Мы выбрались из глубины секвой на дорогу, где стоял охотничий домик, перешли на другую сторону и снова нырнули в кусты — на тропу, о которой, может статься, вообще никто не знал, кроме пары-другой туристов: и оказались в лесах Мьюир-Вудз. Они тянулись на много миль перед нами — целая огромная долина. Две мили нас вела старая дорога на лесоповал, а затем Джафи сошел с нее, и мы продрались по склону наверх и вышли на еще одну тропу, которая и вообще присниться бы никому не могла. Двинулись по ней: вверх-вниз вдоль кувыркавшегося ручейка — там, где его надо было переходить, лежали упавшие стволы, а иногда были перекинуты целые мостики: Джафи сказал, что их соорудили бойскауты, распилив бревна вдоль, чтобы по плоскому удобнее было идти. Затем мы вскарабкались по отвесной круче с соснами и вышли на шоссе, поднялись по заросшему травой склону холма и наткнулись на что-то вроде театра под открытым небом: он был выстроен в греческом стиле, вокруг — амфитеатр с каменными скамьями и голая каменная площадка для четырехмерных представлений Эсхила и Софокла. Мы попили воды и, разувшись, сели отдохнуть и посмотреть немую пьесу с самой галерки.
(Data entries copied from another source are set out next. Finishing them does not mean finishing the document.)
lemma holo_at_vec_nth_Euler:
  assumes "(F has_derivative L) (at x)" and "\<And>v. L (\<i> *s v) = \<i> *s L v" and "L x = F x"
  shows "F x $ I = (\<Sum>J\<in>UNIV. x $ J * cpartial (\<lambda>y. F y $ I) J x)"
proof (rule holo_at_Euler)
  show "holo_at (\<lambda>y. F y $ I) x"
    using assms(1,2) by (rule holo_at_vec_nth)
  have "((\<lambda>y. F y $ I) has_derivative (\<lambda>v. L v $ I)) (at x)"
    by (rule bounded_linear.has_derivative[OF bounded_linear_vec_nth assms(1)])
  then have "frechet_derivative (\<lambda>y. F y $ I) (at x) = (\<lambda>v. L v $ I)"
    by (rule frechet_derivative_at[symmetric])
  then show "frechet_derivative (\<lambda>y. F y $ I) (at x) x = F x $ I"
    using assms(3) by simp
qed

lemma frechet_derivative_of_real_fun:
  assumes "K differentiable (at z)"
  shows "frechet_derivative (\<lambda>w. complex_of_real (K w)) (at z)
    = (\<lambda>v. complex_of_real (frechet_derivative K (at z) v))"
  using has_derivative_of_real[OF frechet_derivative_works[THEN iffD1, OF assms]]
  by (rule frechet_derivative_at[symmetric])

definition kahler_rescale :: "(complex^'n \<Rightarrow> real) \<Rightarrow> (complex^'n \<Rightarrow> complex) \<Rightarrow> complex^'n \<Rightarrow> complex"
  where "kahler_rescale K u z = complex_of_real (exp (- K z / 2)) * u z"

lemma holo_at_kahler_rescale:
  fixes K :: "complex^'n \<Rightarrow> real"
  assumes dK: "K differentiable (at z)" and du: "u differentiable (at z)"
    and hol: "\<And>a. covDbar K u a z = 0"
  shows "holo_at (kahler_rescale K u) z"
proof -
  define DK where "DK = frechet_derivative K (at z)"
  define DU where "DU = frechet_derivative u (at z)"
  define c where "c = complex_of_real (exp (- K z / 2))"
  define E where "E = (\<lambda>v. c * DU v + complex_of_real (exp (- K z / 2) * (- DK v / 2)) * u z)"
  have hK: "(K has_derivative DK) (at z)" and hu: "(u has_derivative DU) (at z)"
    using dK du frechet_derivative_works by (auto simp: DK_def DU_def)
  have "(kahler_rescale K u has_derivative E) (at z)"
    unfolding kahler_rescale_def E_def c_def
    by (rule derivative_eq_intros refl hK hu | simp add: fun_eq_iff algebra_simps)+
  moreover have "E (axis a \<i>) = \<i> * E (axis a 1)" for a
  proof -
    have "E (axis a \<i>) - \<i> * E (axis a 1) = - 2 * \<i> * c * covDbar K u a z"
      unfolding covDbar_def cwirt_def frechet_derivative_of_real_fun[OF dK] E_def c_def DK_def DU_def
      by (simp add: field_simps)
    then show ?thesis
      using hol by simp
  qed
  ultimately show ?thesis
    by (rule holo_atI)
qed

lemma exp_mult_kahler_rescale: "complex_of_real (exp (K z / 2)) * kahler_rescale K u z = u z"
  by (simp add: kahler_rescale_def mult.assoc[symmetric] flip: of_real_mult exp_add)

lemma covD_exp_mult:
  fixes K :: "complex^'n \<Rightarrow> real"
  assumes dK: "K differentiable (at z)" and hol: "holo_at h z"
  shows "covD K (\<lambda>w. complex_of_real (exp (K w / 2)) * h w) a z = complex_of_real (exp (K z / 2))
    * (cpartial h a z + wirt (\<lambda>w. complex_of_real (K w)) a z * h z)"
proof -
  define DK where "DK = frechet_derivative K (at z)"
  define E where "E = (\<lambda>v. complex_of_real (exp (K z / 2) * (DK v / 2)) * h z
    + complex_of_real (exp (K z / 2)) * (\<Sum>b\<in>UNIV. v $ b * cpartial h b z))"
  have hK: "(K has_derivative DK) (at z)"
    using dK frechet_derivative_works by (auto simp: DK_def)
  have "((\<lambda>w. complex_of_real (exp (K w / 2)) * h w) has_derivative E) (at z)"
    unfolding E_def
    by (rule derivative_eq_intros refl hK hol[unfolded holo_at_def] | simp add: fun_eq_iff algebra_simps)+
  then have "frechet_derivative (\<lambda>w. complex_of_real (exp (K w / 2)) * h w) (at z) = E"
    by (rule frechet_derivative_at[symmetric])
  moreover have "(\<Sum>b\<in>UNIV. axis a x $ b * cpartial h b z) = x * cpartial h a z" for x
    by (rule sum_axis_nth_mult)
  ultimately show ?thesis
    unfolding covD_def wirt_def frechet_derivative_of_real_fun[OF dK] DK_def[symmetric]
    by (simp add: E_def field_simps)
qed

lemma covD_eq_kahler_rescale:
  fixes K :: "complex^'n \<Rightarrow> real"
  assumes "K differentiable (at z)" and "holo_at (kahler_rescale K u) z"
  shows "covD K u a z = complex_of_real (exp (K z / 2))
    * (cpartial (kahler_rescale K u) a z + wirt (\<lambda>w. complex_of_real (K w)) a z * kahler_rescale K u z)"
  using covD_exp_mult[OF assms, of a] by (simp add: exp_mult_kahler_rescale)

text \<open>Coordinates of C^(n+1) are indexed by \<open>'n option\<close>: \<open>None\<close> is the scale lambda and
  \<open>vtail\<close> extracts the remaining coordinates z.\<close>

definition vtail :: "'a^'n option \<Rightarrow> 'a^'n" where
  "vtail y = (\<chi> a. y $ Some a)"

definition cone_map :: "('k \<Rightarrow> complex^'n \<Rightarrow> complex) \<Rightarrow> complex^'n option \<Rightarrow> complex^'k" where
  "cone_map h y = (\<chi> I. y $ None * h I (vtail y))"

definition cone_map_deriv ::
    "('k \<Rightarrow> complex^'n \<Rightarrow> complex) \<Rightarrow> complex^'n option \<Rightarrow> complex^'n option \<Rightarrow> complex^'k" where
  "cone_map_deriv h y w = (\<chi> I. w $ None * h I (vtail y)
     + y $ None * (\<Sum>a\<in>UNIV. w $ Some a * cpartial (h I) a (vtail y)))"

lemma bounded_linear_vtail: "bounded_linear (vtail :: 'a::euclidean_space^'n option \<Rightarrow> 'a^'n)"
  unfolding linear_conv_bounded_linear[symmetric] vtail_def
  by (rule linearI) (auto simp: vec_eq_iff)

lemma has_derivative_cone_map:
  assumes "\<And>I. holo_at (h I) (vtail y)"
  shows "(cone_map h has_derivative cone_map_deriv h y) (at y)"
proof (rule has_derivative_vecI)
  fix I
  have "((\<lambda>y. h I (vtail y)) has_derivative
      (\<lambda>w. \<Sum>a\<in>UNIV. vtail w $ a * cpartial (h I) a (vtail y))) (at y)"
    using has_derivative_compose[OF bounded_linear.has_derivative[OF bounded_linear_vtail has_derivative_ident]
        assms[unfolded holo_at_def]]
    by (simp add: o_def)
  with bounded_linear.has_derivative[OF bounded_linear_vec_nth has_derivative_ident]
  have "((\<lambda>y. y $ None * h I (vtail y)) has_derivative
      (\<lambda>w. y $ None * (\<Sum>a\<in>UNIV. vtail w $ a * cpartial (h I) a (vtail y)) + w $ None * h I (vtail y))) (at y)"
    by (rule has_derivative_mult)
  then show "((\<lambda>y. cone_map h y $ I) has_derivative (\<lambda>w. cone_map_deriv h y w $ I)) (at y)"
    by (simp add: cone_map_def cone_map_deriv_def vtail_def add.commute[of "y $ None * _"])
qed

lemma cone_map_deriv_scale: "cone_map_deriv h y (c *s w) = c *s cone_map_deriv h y w"
  by (simp add: cone_map_deriv_def vec_eq_iff sum_distrib_left algebra_simps)

lemma cone_map_deriv_radial: "cone_map_deriv h y (axis None (y $ None)) = cone_map h y"
  by (simp add: cone_map_deriv_def cone_map_def vec_eq_iff axis_def)

lemma linear_cone_map_deriv: "linear (cone_map_deriv h y)"
proof (rule linearI)
  show "cone_map_deriv h y (v + w) = cone_map_deriv h y v + cone_map_deriv h y w" for v w
    by (simp add: cone_map_deriv_def vec_eq_iff sum.distrib algebra_simps)
  show "cone_map_deriv h y (r *\<^sub>R w) = r *\<^sub>R cone_map_deriv h y w" for r w
  proof -
    have "r *\<^sub>R w = complex_of_real r *s w"
      and "r *\<^sub>R cone_map_deriv h y w = complex_of_real r *s cone_map_deriv h y w"
      by (simp_all add: vec_eq_iff complex_eq_iff)
    then show ?thesis
      by (simp add: cone_map_deriv_scale)
  qed
qed

lemma continuous_on_cone_map_deriv:
  assumes "open U" and "\<And>z I. z \<in> U \<Longrightarrow> holo_at (h I) z"
  shows "continuous_on (vtail -` U) (\<lambda>y. cone_map_deriv h y w)"
proof -
  have vtail: "continuous_on (vtail -` U) vtail" "vtail ` (vtail -` U) \<subseteq> U"
    by (auto intro: linear_continuous_on bounded_linear_vtail)
  have "continuous_on U (h I)" for I
    using assms(2) by (intro continuous_at_imp_continuous_on ballI holo_at_continuous)
  moreover have "continuous_on U (cpartial (h I) a)" for I a
    using assms by (rule continuous_on_cpartial)
  ultimately have "continuous_on (vtail -` U) (\<lambda>y. h I (vtail y))"
    and "continuous_on (vtail -` U) (\<lambda>y. cpartial (h I) a (vtail y))" for I a
    by (auto intro: continuous_on_compose2[OF _ vtail])
  then show ?thesis
    unfolding cone_map_deriv_def by (intro continuous_intros)
qed

definition cone_point :: "(complex^'n \<Rightarrow> real) \<Rightarrow> complex^'n \<Rightarrow> complex^'n option" where
  "cone_point K z = (\<chi> I. case I of None \<Rightarrow> complex_of_real (exp (K z / 2)) | Some a \<Rightarrow> z $ a)"

lemma vtail_cone_point [simp]: "vtail (cone_point K z) = z"
  by (simp add: vtail_def cone_point_def vec_eq_iff)

lemma cone_point_None [simp]: "cone_point K z $ None = complex_of_real (exp (K z / 2))"
  by (simp add: cone_point_def)

lemma cone_map_cone_point:
  "cone_map (\<lambda>I. kahler_rescale K (\<lambda>w. X w $ I)) (cone_point K z) = X z"
  by (simp add: cone_map_def vec_eq_iff) (simp add: cone_point_def exp_mult_kahler_rescale)

lemma continuous_on_cone_point:
  fixes K :: "complex^'n \<Rightarrow> real"
  assumes "continuous_on U K"
  shows "continuous_on U (cone_point K)"
  unfolding cone_point_def
proof (intro continuous_on_vec_lambda)
  fix I :: "'n option"
  show "continuous_on U (\<lambda>z. case I of None \<Rightarrow> complex_of_real (exp (K z / 2)) | Some a \<Rightarrow> z $ a)"
    using assms by (cases I) (auto intro!: continuous_intros)
qed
Далеко внизу виднелся мост Золотые Ворота и белизна Сан-Франциско.
Джафи ни с того ни с сего начал вдруг визжать, ухать, свистеть и орать песни — просто переполнившись чистой радостью. Вокруг — ни души, никто не услышит.
— Вот так вот и ты будешь сидеть на вершине Опустошения этим летом, Рэй.
— Я буду распевать во всю глотку впервые в своей жизни.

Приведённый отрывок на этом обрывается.